▶ WHAT TO DO: After locating the line that contains "proof (intro exI[of" in the data below, set down exactly that line and each one after it through the line that contains "s))) \<longlonglongrightarrow> F", and nothing more.

______________________________

lemma lipschitz_shifts_convergent_subseq:
  fixes w :: "real \<Rightarrow> 'a::euclidean_space"
  assumes bounded: "\<And>t. t \<ge> 0 \<Longrightarrow> norm (w t) \<le> B"
    and lipschitz: "\<And>a b. a \<ge> 0 \<Longrightarrow> b \<ge> 0 \<Longrightarrow> norm (w a - w b) \<le> M * \<bar>a - b\<bar>" and "M > 0"
  obtains k y where "strict_mono (k :: nat \<Rightarrow> nat)" "\<And>s. s \<ge> 0 \<Longrightarrow> (\<lambda>n. w (real (k n) + s)) \<longlonglongrightarrow> y s"
proof -
  define P where "P i r \<longleftrightarrow> (\<forall>s\<in>{0..real i}. convergent (\<lambda>n. w (real (r n) + s)))" for i r
  obtain k where "strict_mono (k :: nat \<Rightarrow> nat)" and k: "\<And>i. P i (id \<circ> k)"
  proof (rule subsequence_diagonalization_lemma[of P id])
    show "\<exists>k. strict_mono (k :: nat \<Rightarrow> nat) \<and> P i (r \<circ> k)" for i r
      using lipschitz_shifts_convergent_subseq_on_interval[OF bounded lipschitz \<open>M > 0\<close>]
      by (simp add: P_def)
    show "P i (r \<circ> k2)"
      if k1: "P i (r \<circ> k1)" and later: "\<And>j. N \<le> j \<Longrightarrow> \<exists>j'. j \<le> j' \<and> k2 j = k1 j'" for i r k1 k2 N
      unfolding P_def
    proof
      fix s assume "s \<in> {0..real i}"
      then have "convergent (\<lambda>n. w (real (r (k1 n)) + s))" using k1 by (simp add: P_def)
      then show "convergent (\<lambda>n. w (real ((r \<circ> k2) n) + s))"
      proof (rule convergent_if_eventually_later_terms)
        fix j assume "N \<le> j"
        with later obtain j' where "j \<le> j'" "k2 j = k1 j'" by blast
        then show "\<exists>j'. j \<le> j' \<and> w (real ((r \<circ> k2) j) + s) = w (real (r (k1 j')) + s)" by auto
      qed
    qed
  qed blast
  have "(\<lambda>n. w (real (k n) + s)) \<longlonglongrightarrow> lim (\<lambda>n. w (real (k n) + s))" if "s \<ge> 0" for s
    using k[of "nat \<lceil>s\<rceil>"] that by (simp add: P_def real_nat_ceiling_ge convergent_LIMSEQ_iff)
  then show ?thesis by (rule that[OF \<open>strict_mono k\<close>])
qed

lemma limit_of_shifted_solutions_is_solution:
  fixes F :: "'a::euclidean_space \<Rightarrow> 'a"
  assumes F_cont: "continuous_on UNIV F" and "compact K"
    and sol: "ode_sol F w" and in_K: "\<And>t. t \<ge> 0 \<Longrightarrow> w t \<in> K"
    and shifts: "\<And>n. c n \<ge> 0" and lim: "\<And>s. s \<ge> 0 \<Longrightarrow> (\<lambda>n. w (c n + s)) \<longlonglongrightarrow> y s"
  shows "ode_sol F y"
  unfolding ode_sol_def has_vector_derivative_def has_derivative_within_alt
proof (intro allI impI conjI)
  fix s :: real and \<epsilon> :: real assume "s \<ge> 0" "\<epsilon> > 0"
  then obtain \<delta> where "\<delta> > 0" and \<delta>: "\<And>a b. a \<ge> 0 \<Longrightarrow> b \<ge> 0 \<Longrightarrow> \<bar>b - a\<bar> < \<delta> \<Longrightarrow>
      norm (w b - w a - (b - a) *\<^sub>R F (w a)) \<le> \<epsilon> * \<bar>b - a\<bar>"
    using ode_sol_uniform_linearization[OF F_cont \<open>compact K\<close> sol in_K] by metis
  show "\<exists>d>0. \<forall>t\<in>{0..}. norm (t - s) < d \<longrightarrow> norm (y t - y s - (t - s) *\<^sub>R F (y s)) \<le> \<epsilon> * norm (t - s)"
  proof (intro exI[of _ \<delta>] conjI ballI impI)
    fix t :: real assume t: "t \<in> {0..}" "norm (t - s) < \<delta>"
    have "isCont F (y s)" using F_cont by (simp add: continuous_on_eq_continuous_at)
    then have "(\<lambda>n. F (w (c n + s))) \<longlonglongrightarrow> F (y s)"
      using lim[OF \<open>s \<ge> 0\<close>] by (rule isCont_tendsto_compose)
    then have "(\<lambda>n. norm (w (c n + t) - w (c n + s) - (t - s) *\<^sub>R F (w (c n + s))))
        \<longlonglongrightarrow> norm (y t - y s - (t - s) *\<^sub>R F (y s))"
      using lim t \<open>s \<ge> 0\<close> by (intro tendsto_intros) auto
    moreover have "norm (w (c n + t) - w (c n + s) - (t - s) *\<^sub>R F (w (c n + s))) \<le> \<epsilon> * norm (t - s)" for n
      using \<delta>[of "c n + s" "c n + t"] shifts[of n] t \<open>s \<ge> 0\<close> by simp
    ultimately show "norm (y t - y s - (t - s) *\<^sub>R F (y s)) \<le> \<epsilon> * norm (t - s)"
      by (intro LIMSEQ_le_const2) auto
  qed (rule \<open>\<delta> > 0\<close>)
qed (rule bounded_linear_scaleR_left)

lemma lyapunov_tendsto_Inf:
  fixes F :: "'a::real_normed_vector \<Rightarrow> 'a" and V :: "'a \<Rightarrow> real"
  assumes V_deriv: "\<And>p. (V has_derivative DV p) (at p)" and V_decr: "\<And>p. DV p (F p) \<le> 0"
    and sol: "ode_sol F w" and bdd: "bdd_below ((\<lambda>t. V (w t)) ` {0..})"
  shows "((\<lambda>t. V (w t)) \<longlongrightarrow> Inf ((\<lambda>t. V (w t)) ` {0..})) at_top"
proof (rule order_tendstoI)
  let ?L = "Inf ((\<lambda>t. V (w t)) ` {0..})"
  fix a assume "a < ?L"
  have "?L \<le> V (w t)" if "t \<ge> 0" for t using bdd that by (auto intro: cInf_lower)
  with \<open>a < ?L\<close> show "eventually (\<lambda>t. a < V (w t)) at_top"
    unfolding eventually_at_top_linorder by (auto intro: less_le_trans)
next
  let ?L = "Inf ((\<lambda>t. V (w t)) ` {0..})"
  fix a assume "?L < a"
  then obtain t0 where "t0 \<ge> 0" "V (w t0) < a"
    using bdd by (subst (asm) cInf_less_iff) auto
  moreover have "V (w t) \<le> V (w t0)" if "t \<ge> t0" for t
    using sol that \<open>t0 \<ge> 0\<close> unfolding ode_sol_def
    by (intro lyapunov_nonincreasing[OF V_deriv V_decr, of t0 t _ "{0..}"]) auto
  ultimately show "eventually (\<lambda>t. V (w t) < a) at_top"
    unfolding eventually_at_top_linorder by (auto intro: le_less_trans)
qed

______________________________

▶ ANSWER AREA:
  proof (intro exI[of _ \<delta>] conjI ballI impI)
    fix t :: real assume t: "t \<in> {0..}" "norm (t - s) < \<delta>"
    have "isCont F (y s)" using F_cont by (simp add: continuous_on_eq_continuous_at)
    then have "(\<lambda>n. F (w (c n + s))) \<longlonglongrightarrow> F (y s)"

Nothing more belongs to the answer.